The costuming is extremely interesting – the female actors wear simple abstractions of Elizabethan style dresses – the males wear modern business suits.  One hopes the theater company will spring for dry cleaning before the next performance however.  The darkened theater, the abstract sets and the stage lighting all conspire to draw the eye to every wrinkle in every suit on every man.  While an argument can be made that the costuming supports the male/female stream of conflict within the play, I suspect that budgetary constraints are also at work.  Since the theater is small, you can choose to sit toward the back and perhaps avoid my personal dilemma of attention.  While headphones are offered for those with hearing limitations, I did not find them at all necessary.

Exceptionally strong performances carry the play – Pamela Christian as Queen Elizabeth was more than convincing – her body language conveyed a regal air and conveyed the Queen’s internal doubts about the wisdom of executing her cousin, an option placed over against the external pressures of her role as head of state.  Her conflicted anguish reminded me of a sentiment expressed by President John F. Kennedy regarding crisis management.  “…I could not realize – nor could any man realize who does not bear the burdens of this office – how heavy and constant would be those burdens.”  Mr. Christian’s stage work expresses both the internal and external burdens that pressed down on Queen Elizabeth.

Helen Merino, playing Mary, gave an equally strong performance and she, too, captured the royal persona with skill.  Her task was great.  She had to make Mary sympathetic, vulnerable even, but also headstrong to the point of committing herself to death by not being able to control her outburst at the Queen.  In point of fact, the two Queens never did meet.  But the dramatized meeting stands in very well for the fact that the historic Mary did confront her cousin militarily with the intent to sit upon the throne of England and restore the Catholic Church.  Ms. Merino made me feel Mary’s tension and so transported me to feel, all the more, Mary’s release when she at last blasted her disclosure of inner truth at Queen Elizabeth.

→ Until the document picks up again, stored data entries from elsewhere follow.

lemma closed_subbase_separating:
  assumes "closed_subbase X \<S>" "t1_space X" "x \<in> topspace X" "y \<in> topspace X" "x \<noteq> y"
  obtains S where "S \<in> \<S>" "y \<in> S" "x \<notin> S"
proof -
  obtain \<U> where \<U>: "\<forall>U\<in>\<U>. \<exists>\<F>. finite \<F> \<and> \<F> \<subseteq> \<S> \<and> U = \<Union>\<F>"
    and y: "{y} = topspace X \<inter> \<Inter>\<U>"
    by (rule closed_subbaseD[OF assms(1) closedin_t1_singleton[OF assms(2,4)]])
  have "y \<in> topspace X \<inter> \<Inter>\<U>" "x \<notin> topspace X \<inter> \<Inter>\<U>"
    unfolding y[symmetric] using assms(5) by auto
  then obtain U where U: "U \<in> \<U>" "x \<notin> U" "y \<in> U" using assms(3) by auto
  obtain \<F> where "\<F> \<subseteq> \<S>" "U = \<Union>\<F>" using \<U> U(1) by meson
  with U obtain S where "S \<in> \<S>" "y \<in> S" "x \<notin> S" by auto
  then show thesis by (rule that)
qed

lemma binary_subbase_separating_disjoint:
  assumes "closed_subbase X \<S>" "t1_space X" "binary_family \<S>"
    and "x \<in> topspace X" "S \<in> \<S>" "x \<notin> S" "S \<noteq> {}"
  obtains T where "T \<in> \<S>" "x \<in> T" "T \<inter> S = {}"
proof -
  have "\<exists>T\<in>\<S>. x \<in> T \<and> T \<inter> S = {}"
  proof (rule ccontr)
    assume no_T: "\<not> (\<exists>T\<in>\<S>. x \<in> T \<and> T \<inter> S = {})"
    obtain \<U> where \<U>: "\<forall>U\<in>\<U>. \<exists>\<F>. finite \<F> \<and> \<F> \<subseteq> \<S> \<and> U = \<Union>\<F>"
      and x: "{x} = topspace X \<inter> \<Inter>\<U>"
      by (rule closed_subbaseD[OF assms(1) closedin_t1_singleton[OF assms(2,4)]])
    txt \<open>A common point of \<open>?G\<close> lies in every subbase member through \<open>x\<close>, hence in \<open>{x}\<close>.\<close>
    let ?G = "insert S {T \<in> \<S>. x \<in> T}"
    have "linked ?G" unfolding linked_def using no_T assms(7) by auto
    then obtain y where y: "y \<in> \<Inter>?G"
      using binary_familyD[of \<S> ?G] assms(3,5) by auto
    have "y \<in> topspace X"
      using y closedin_subset[OF closed_subbase_closedin[OF assms(1,5)]] by auto
    moreover have "y \<in> U" if U: "U \<in> \<U>" for U
    proof -
      obtain \<F> where \<F>: "\<F> \<subseteq> \<S>" "U = \<Union>\<F>" using \<U> U by meson
      have "x \<in> topspace X \<inter> \<Inter>\<U>" unfolding x[symmetric] by simp
      with U \<F>(2) obtain T where "T \<in> \<F>" "x \<in> T" by auto
      with y \<F> show ?thesis by auto
    qed
    ultimately have "y \<in> topspace X \<inter> \<Inter>\<U>" by auto
    then have "y = x" unfolding x[symmetric] by simp
    then show False using y assms(6) by simp
  qed
  then show thesis using that by auto
qed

The male members of the cast performed admirably – especially when the roles called for those services remarkable to their sex – they did not fail as romantics, as fighters, as men who would go to battle for a queen.  I was most impressed by Dirk Van Allen as the Earl of Shrewsbury – his character, not a main role, remained natural, truthful and believable throughout providing a perfect foil for the Elizabeth character.  Sean Martin, in the role of Sir Edward Mortimer, performed his tasks with grace – his inner conflict worked well but his portrayal of violence moved on a fine line necessary within the small space.  With the audience merely feet away, his action did not overwhelm – well done.  Scott Daigle, as Earl of Leicester, suggested sinister nature at work in a man who trespassed readily between the two Queens only to see himself undone with Mary’s execution – he showed us a man as emotionally lost as the women he would have seduced.